In the case, \p{L} is any letter defined by Unicode (including accents and "ç"), then lookarounds check if there is a letter before and after the word.

A simpler option, if words are separated only by spaces, would separate them using split, replace what you need and then add again:

let texto = "troquei minha carroça por um carro";
let partes = texto.split(' '); // separar por espaços
for (let i = 0; i < partes.length; i++) {
    if (partes[i] === 'carro') {
        partes[i] = 'barco';
        break; // se já encontrei, não preciso continuar procurando
    }
}

// juntar com espaços
console.log(partes.join(' ')); // troquei minha carroça por um barco

But of course, if you have commas, punctuation and others, then it doesn’t work anymore, and you would end up going back to the same problem: detecting which characters are parts of a word, including accents and "ç," and maybe it’s not even worth breaking, because it would have to use some complex regex that excludes accented letters, etc.

Or, you can choose a simplified list of separators (e.g., space, period, exclamation, question mark and comma):

let texto = "troquei minha carroça por um carro, uma moto e um caminhão";
let partes = texto.split(/([ ,.!?]+)/);
for (let i = 0; i < partes.length; i++) {
    if (partes[i] === 'carro') {
        partes[i] = 'barco';
        break; // se já encontrei, não preciso continuar procurando
    }
}

console.log(partes.join('')); // troquei minha carroça por um barco, uma moto e um caminhão

In the regex used in split I put everything in parentheses, forming a catch group. With this, separators are also placed in the array partes, so I can put it all together in the end. But this is true if you know all the characters that are between the words, then you have to include them all in the split.

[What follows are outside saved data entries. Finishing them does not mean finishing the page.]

lemma of_int_vec_add [simp]: "of_int_vec (a + b) = of_int_vec a + of_int_vec b"
  and of_int_vec_minus [simp]: "of_int_vec (- a) = - of_int_vec a"
  and of_int_vec_diff [simp]: "of_int_vec (a - b) = of_int_vec a - of_int_vec b"
  and of_int_vec_zero [simp]: "of_int_vec 0 = 0"
  and of_int_vec_nth [simp]: "of_int_vec z $ i = real_of_int (z $ i)"
  and of_int_vec_axis [simp]: "of_int_vec (axis j 1) = axis j 1"
  by (auto simp: of_int_vec_def vec_eq_iff axis_def)

lemma of_int_vec_eq_iff: "of_int_vec a = of_int_vec b \<longleftrightarrow> a = b"
  by (auto simp: of_int_vec_def vec_eq_iff)

text \<open>The Minkowski functional of \<open>Bset d\<close>: the \<open>\<ell>\<^sub>1\<close>-norm in the undirected case; in the
  directed case the coordinate sum on the closed positive orthant and \<open>\<infinity>\<close> off it.\<close>
definition gauge :: "bool \<Rightarrow> real^'m \<Rightarrow> ereal" where
  "gauge d w = (if d then (if \<forall>i. 0 \<le> w $ i then ereal (\<Sum>i\<in>UNIV. w $ i) else \<infinity>)
                else ereal (\<Sum>i\<in>UNIV. \<bar>w $ i\<bar>))"

lemma Inf_ereal_greaterThan: "Inf {ereal t | t. s < t} = ereal s"
proof (rule antisym)
  show "ereal s \<le> Inf {ereal t | t. s < t}" by (rule Inf_greatest) auto
  show "Inf {ereal t | t. s < t} \<le> ereal s"
  proof (rule ereal_le_epsilon2)
    fix e :: real assume "0 < e"
    hence "Inf {ereal t | t. s < t} \<le> ereal (s + e)" by (intro Inf_lower) auto
    thus "Inf {ereal t | t. s < t} \<le> ereal s + ereal e" by simp
  qed
qed

lemma dilates_Bset_eq:
  fixes w :: "real^'m"
  assumes "gauge d w = ereal s"
  shows "{ereal t | t. t > 0 \<and> w \<in> (\<lambda>b. t *\<^sub>R b) ` Bset d} = {ereal t | t. s < t}"
proof -
  have w: "if d then (\<forall>i. 0 \<le> w $ i) \<and> s = (\<Sum>i\<in>UNIV. w $ i) else s = (\<Sum>i\<in>UNIV. \<bar>w $ i\<bar>)"
    using assms unfolding gauge_def by (auto split: if_splits)
  have s0: "0 \<le> s" using w by (auto split: if_splits intro: sum_nonneg)
  have "w \<in> (\<lambda>b. t *\<^sub>R b) ` Bset d \<longleftrightarrow> s < t" if "t > 0" for t
  proof -
    have "w \<in> (\<lambda>b. t *\<^sub>R b) ` Bset d \<longleftrightarrow> (1 / t) *\<^sub>R w \<in> Bset d"
      using that by (auto simp: image_iff intro!: bexI[of _ "(1 / t) *\<^sub>R w"])
    also have "\<dots> \<longleftrightarrow> s < t"
      using w that by (auto simp: Bset_def abs_mult sum_divide_distrib[symmetric] field_simps
          split: if_splits)
    finally show ?thesis .
  qed
  thus ?thesis using s0 by fastforce
qed

lemma dist_R_eq_gauge: "dist_R d x y = gauge d (y - x)"
proof -
  have img: "y \<in> (\<lambda>b. x + t *\<^sub>R b) ` Bset d \<longleftrightarrow> y - x \<in> (\<lambda>b. t *\<^sub>R b) ` Bset d" for t
    by (auto simp: image_iff algebra_simps)
  show ?thesis
  proof (cases "gauge d (y - x) = \<infinity>")
    case True
    hence "d" "\<not> (\<forall>i. 0 \<le> (y - x) $ i)" unfolding gauge_def by (auto split: if_splits)
    have "y - x \<notin> (\<lambda>b. t *\<^sub>R b) ` Bset d" if "t > 0" for t
    proof
      assume "y - x \<in> (\<lambda>b. t *\<^sub>R b) ` Bset d"
      then obtain b where "b \<in> Bset d" "y - x = t *\<^sub>R b" by auto
      hence "\<forall>i. 0 \<le> (y - x) $ i" using that \<open>d\<close> by (simp add: Bset_def)
      thus False using \<open>\<not> (\<forall>i. 0 \<le> (y - x) $ i)\<close> by blast
    qed
    hence "{ereal t | t. t > 0 \<and> y \<in> (\<lambda>b. x + t *\<^sub>R b) ` Bset d} = {}"
      unfolding img by auto
    hence "dist_R d x y = Inf {}" unfolding dist_R_def by metis
    thus ?thesis using True by (simp add: top_ereal_def)
  next
    case False
    then obtain s where "gauge d (y - x) = ereal s" unfolding gauge_def by (auto split: if_splits)
    thus ?thesis unfolding dist_R_def img dilates_Bset_eq[OF \<open>gauge d (y - x) = ereal s\<close>]
      by (simp add: Inf_ereal_greaterThan)
  qed
qed

lemma gauge_nonneg: "0 \<le> gauge d w"
  unfolding gauge_def by (auto simp: sum_nonneg)

lemma gauge_zero [simp]: "gauge d 0 = 0"
  unfolding gauge_def by (simp add: zero_ereal_def)

lemma gauge_of_nonneg: "(\<And>i. 0 \<le> w $ i) \<Longrightarrow> gauge d w = ereal (\<Sum>i\<in>UNIV. w $ i)"
  unfolding gauge_def by auto

lemma gauge_axis: "gauge d (axis j 1) = 1"
  unfolding gauge_def by (auto simp: axis_def one_ereal_def)

lemma gauge_minus_axis: "gauge False (- axis j 1) = 1"
  unfolding gauge_def by (auto simp: axis_def one_ereal_def)

lemma gauge_add_le: "gauge d (a + b) \<le> gauge d a + gauge d b"
proof (cases "d \<and> \<not> ((\<forall>i. 0 \<le> a $ i) \<and> (\<forall>i. 0 \<le> b $ i))")
  case True
  thus ?thesis unfolding gauge_def
    using sum_nonneg[of UNIV "\<lambda>i. a $ i"] sum_nonneg[of UNIV "\<lambda>i. b $ i"] by auto
next
  case False
  have "(\<Sum>i\<in>UNIV. \<bar>(a + b) $ i\<bar>) \<le> (\<Sum>i\<in>UNIV. \<bar>a $ i\<bar>) + (\<Sum>i\<in>UNIV. \<bar>b $ i\<bar>)"
    by (simp add: sum.distrib[symmetric] sum_mono abs_triangle_ineq)
  thus ?thesis using False unfolding gauge_def by (auto simp: sum.distrib)
qed

lemma gauge_scaleR: "c > 0 \<Longrightarrow> gauge d (c *\<^sub>R w) = ereal c * gauge d w"
  unfolding gauge_def by (auto simp: sum_distrib_left[symmetric] abs_mult zero_le_mult_iff)

lemma gauge_measurable [measurable]: "gauge d \<in> borel_measurable borel"
  unfolding gauge_def by measurable

lemma gauge_of_int_vec_nat:
  assumes "gauge d (of_int_vec z) \<noteq> \<infinity>"
  obtains k :: nat where "gauge d (of_int_vec z) = ereal (real k)"
proof -
  have "gauge d (of_int_vec z) = ereal (real (nat (\<Sum>i\<in>UNIV. if d then z $ i else \<bar>z $ i\<bar>)))"
    using assms unfolding gauge_def by (auto simp: sum_nonneg split: if_splits)
  thus ?thesis using that by blast
qed

lemma gauge_of_int_vec_eq_0: "gauge d (of_int_vec s) = 0 \<Longrightarrow> s = 0"
  unfolding gauge_def
  by (auto simp: zero_ereal_def vec_eq_iff sum_nonneg_eq_0_iff split: if_splits)

lemma gauge_of_int_vec_Suc:
  fixes s :: "int^'m"
  assumes "gauge d (of_int_vec s) = ereal (real (Suc k))"
  obtains j where "d \<Longrightarrow> 0 < s $ j"
    "gauge d (of_int_vec (s - (if 0 < s $ j then axis j 1 else - axis j 1))) = ereal (real k)"
proof -
  have "s \<noteq> 0" using assms by (auto simp: zero_ereal_def)
  then obtain j where j: "s $ j \<noteq> 0" by (auto simp: vec_eq_iff)
  define e :: "int^'m" where "e = (if 0 < s $ j then axis j 1 else - axis j 1)"
  have other: "(s - e) $ i = s $ i" if "i \<noteq> j" for i using that by (simp add: e_def axis_def)
  have at_j: "(s - e) $ j = (if 0 < s $ j then s $ j - 1 else s $ j + 1)" by (simp add: e_def axis_def)
  have split: "(\<Sum>i\<in>UNIV. f i) = f j + (\<Sum>i\<in>UNIV - {j}. f i)" for f :: "'m \<Rightarrow> real"
    by (simp add: sum.remove)
  show ?thesis
  proof (cases d)
    case True
    hence nonneg: "\<forall>i. 0 \<le> s $ i" and sum: "(\<Sum>i\<in>UNIV. real_of_int (s $ i)) = real (Suc k)"
      using assms unfolding gauge_def by (auto split: if_splits)
    have pos: "0 < s $ j" using nonneg j by (metis order.not_eq_order_implies_strict)
    have "\<forall>i. 0 \<le> (s - e) $ i" using nonneg pos other at_j by (metis diff_ge_0_iff_ge int_one_le_iff_zero_less)
    moreover have "(\<Sum>i\<in>UNIV. real_of_int ((s - e) $ i)) = real k"
      using sum split[of "\<lambda>i. real_of_int ((s - e) $ i)"] split[of "\<lambda>i. real_of_int (s $ i)"] at_j pos other
      by simp
    ultimately have "gauge d (of_int_vec (s - e)) = ereal (real k)" using True unfolding gauge_def by simp
    thus ?thesis using that pos e_def by blast
  next
    case False
    hence sum: "(\<Sum>i\<in>UNIV. \<bar>real_of_int (s $ i)\<bar>) = real (Suc k)"
      using assms unfolding gauge_def by auto
    have "\<bar>real_of_int ((s - e) $ j)\<bar> = \<bar>real_of_int (s $ j)\<bar> - 1" using at_j j by auto
    hence "(\<Sum>i\<in>UNIV. \<bar>real_of_int ((s - e) $ i)\<bar>) = real k"
      using sum split[of "\<lambda>i. \<bar>real_of_int ((s - e) $ i)\<bar>"] split[of "\<lambda>i. \<bar>real_of_int (s $ i)\<bar>"] other
      by simp
    thus ?thesis using that False unfolding gauge_def e_def by simp
  qed
qed

definition additive_subgroup :: "'a::ab_group_add set \<Rightarrow> bool" where
  "additive_subgroup L \<longleftrightarrow> 0 \<in> L \<and> (\<forall>a\<in>L. \<forall>b\<in>L. a + b \<in> L) \<and> (\<forall>a\<in>L. - a \<in> L)"

lemma additive_subgroupD:
  assumes "additive_subgroup H"
  shows "0 \<in> H" "a \<in> H \<Longrightarrow> b \<in> H \<Longrightarrow> a + b \<in> H" "a \<in> H \<Longrightarrow> - a \<in> H"
    "a \<in> H \<Longrightarrow> b \<in> H \<Longrightarrow> a - b \<in> H"
  using assms unfolding additive_subgroup_def by (auto, metis diff_conv_add_uminus)

definition quot_gauge :: "bool \<Rightarrow> (real^'m) set \<Rightarrow> real^'m \<Rightarrow> ereal" where
  "quot_gauge d L x = (INF v\<in>L. gauge d (x + v))"

lemma dist_quot_0_eq_quot_gauge: "dist_quot d L 0 x = quot_gauge d L x"
proof -
  have "{dist_R d 0 (x + v) | v. v \<in> L} = (\<lambda>v. gauge d (x + v)) ` L"
    by (auto simp: dist_R_eq_gauge)
  thus ?thesis unfolding dist_quot_def quot_gauge_def by simp
qed

lemma quot_gauge_nonneg: "0 \<le> quot_gauge d L x"
  unfolding quot_gauge_def by (rule INF_greatest) (simp add: gauge_nonneg)

lemma quot_gauge_le: "v \<in> L \<Longrightarrow> quot_gauge d L x \<le> gauge d (x + v)"
  unfolding quot_gauge_def by (rule INF_lower)

lemma quot_gauge_translate:
  assumes "additive_subgroup L" "u \<in> L"
  shows "quot_gauge d L (x + u) = quot_gauge d L x"
proof -
  have shift: "(\<lambda>v. u + v) ` L = L"
    using additive_subgroupD[OF assms(1)] assms(2)
    by (auto simp: image_iff intro!: bexI[of _ "- u + _"])
  have "quot_gauge d L (x + u) = (INF v\<in>L. gauge d (x + (u + v)))"
    unfolding quot_gauge_def by (simp add: add.assoc)
  also have "\<dots> = (INF w\<in>(\<lambda>v. u + v) ` L. gauge d (x + w))"
    by (simp add: image_image)
  finally show ?thesis unfolding shift quot_gauge_def .
qed

lemma quot_gauge_triangle:
  assumes "L \<noteq> {}"
  shows "quot_gauge d L y \<le> quot_gauge d L x + gauge d (y - x)"
proof (cases "gauge d (y - x) = \<infinity>")
  case True
  thus ?thesis using quot_gauge_nonneg[of d L x] by simp
next
  case False
  have fin: "gauge d (y - x) \<noteq> -\<infinity>" using gauge_nonneg[of d "y - x"] by auto
  have "quot_gauge d L y \<le> (INF v\<in>L. gauge d (x + v) + gauge d (y - x))"
    unfolding quot_gauge_def
  proof (rule INF_mono)
    fix v assume "v \<in> L"
    have "gauge d (y + v) \<le> gauge d (x + v) + gauge d (y - x)"
      using gauge_add_le[of d "x + v" "y - x"] by (simp add: algebra_simps)
    thus "\<exists>v'\<in>L. gauge d (y + v') \<le> gauge d (x + v) + gauge d (y - x)" using \<open>v \<in> L\<close> by blast
  qed
  also have "\<dots> = quot_gauge d L x + gauge d (y - x)"
    unfolding quot_gauge_def by (rule INF_ereal_add_left[OF assms fin]) (simp add: gauge_nonneg)
  finally show ?thesis .
qed

lemma quot_gauge_measurable [measurable]:
  "countable L \<Longrightarrow> quot_gauge d L \<in> borel_measurable lebesgue"
  unfolding quot_gauge_def by (rule measurable_completion) measurable

section \<open>Integrals of periodic functions over fundamental domains\<close>

lemma lebesgue_eq_distr_translation:
  "(lebesgue :: (real^'m) measure) = distr lebesgue lebesgue (\<lambda>x. t + x)"
  using lebesgue_affine_euclidean[of "\<lambda>_. 1::real" t]
  by (simp add: euclidean_representation density_1)

lemma measurable_lebesgue_translation [measurable]:
  "(\<lambda>x::real^'m. t + x) \<in> lebesgue \<rightarrow>\<^sub>M lebesgue"
  using lebesgue_affine_measurable[of "\<lambda>_. 1::real" t] by (simp add: euclidean_representation)

lemma measurable_lebesgue_translation' [measurable]:
  "(\<lambda>x::real^'m. x + t) \<in> lebesgue \<rightarrow>\<^sub>M lebesgue"
  using measurable_lebesgue_translation[of t] by (simp add: add.commute)

lemma nn_integral_lebesgue_translation:
  fixes G :: "real^'m \<Rightarrow> ennreal"
  assumes "G \<in> borel_measurable lebesgue"
  shows "(\<integral>\<^sup>+x. G x \<partial>lebesgue) = (\<integral>\<^sup>+x. G (t + x) \<partial>lebesgue)"
  using assms
  by (subst lebesgue_eq_distr_translation[of t]) (simp add: nn_integral_distr)

lemma suminf_indicator_fundamental_domain:
  fixes e :: "nat \<Rightarrow> real^'m"
  assumes "bij_betw e UNIV L" "fundamental_domain L F"
  shows "(\<Sum>k. indicator F (x + e k) :: ennreal) = 1"
proof -
  obtain v where v: "v \<in> L" "x + v \<in> F" and uniq: "\<And>w. w \<in> L \<Longrightarrow> x + w \<in> F \<Longrightarrow> w = v"
    using assms(2) unfolding fundamental_domain_def by metis
  obtain k0 where k0: "e k0 = v" using assms(1) v(1) by (metis bij_betw_inv_into_right)
  have "(\<Sum>k. indicator F (x + e k) :: ennreal) = (\<Sum>k\<in>{k0}. indicator F (x + e k))"
  proof (rule suminf_finite)
    fix k assume "k \<notin> {k0}"
    hence "e k \<noteq> e k0" using assms(1) by (metis UNIV_I bij_betw_imp_inj_on inj_on_def singletonI)
    moreover have "e k \<in> L" using assms(1) by (metis UNIV_I bij_betw_apply)
    ultimately show "indicator F (x + e k) = (0::ennreal)" using uniq k0 by (auto simp: indicator_def)
  qed simp
  thus ?thesis using k0 v by simp
qed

Browser other questions tagged javascript node.js regex

You are not signed in. Login or sign up in order to post.

by Leo Letto • **3,303** points · Answer 1 · 2021-03-23T12:13:08+00:00

When using the /g as a flag, you are specifying to search across the "global" string and replace, you could simply not put g as a flag, this forces regex to return only the first found result.

let texto = "troquei meu carro por um outro carro uma carroça"
console.log(texto.replace(/carro/, 'barco'))

This site is very interesting to test regex and understand the meaning of home part of the written expression.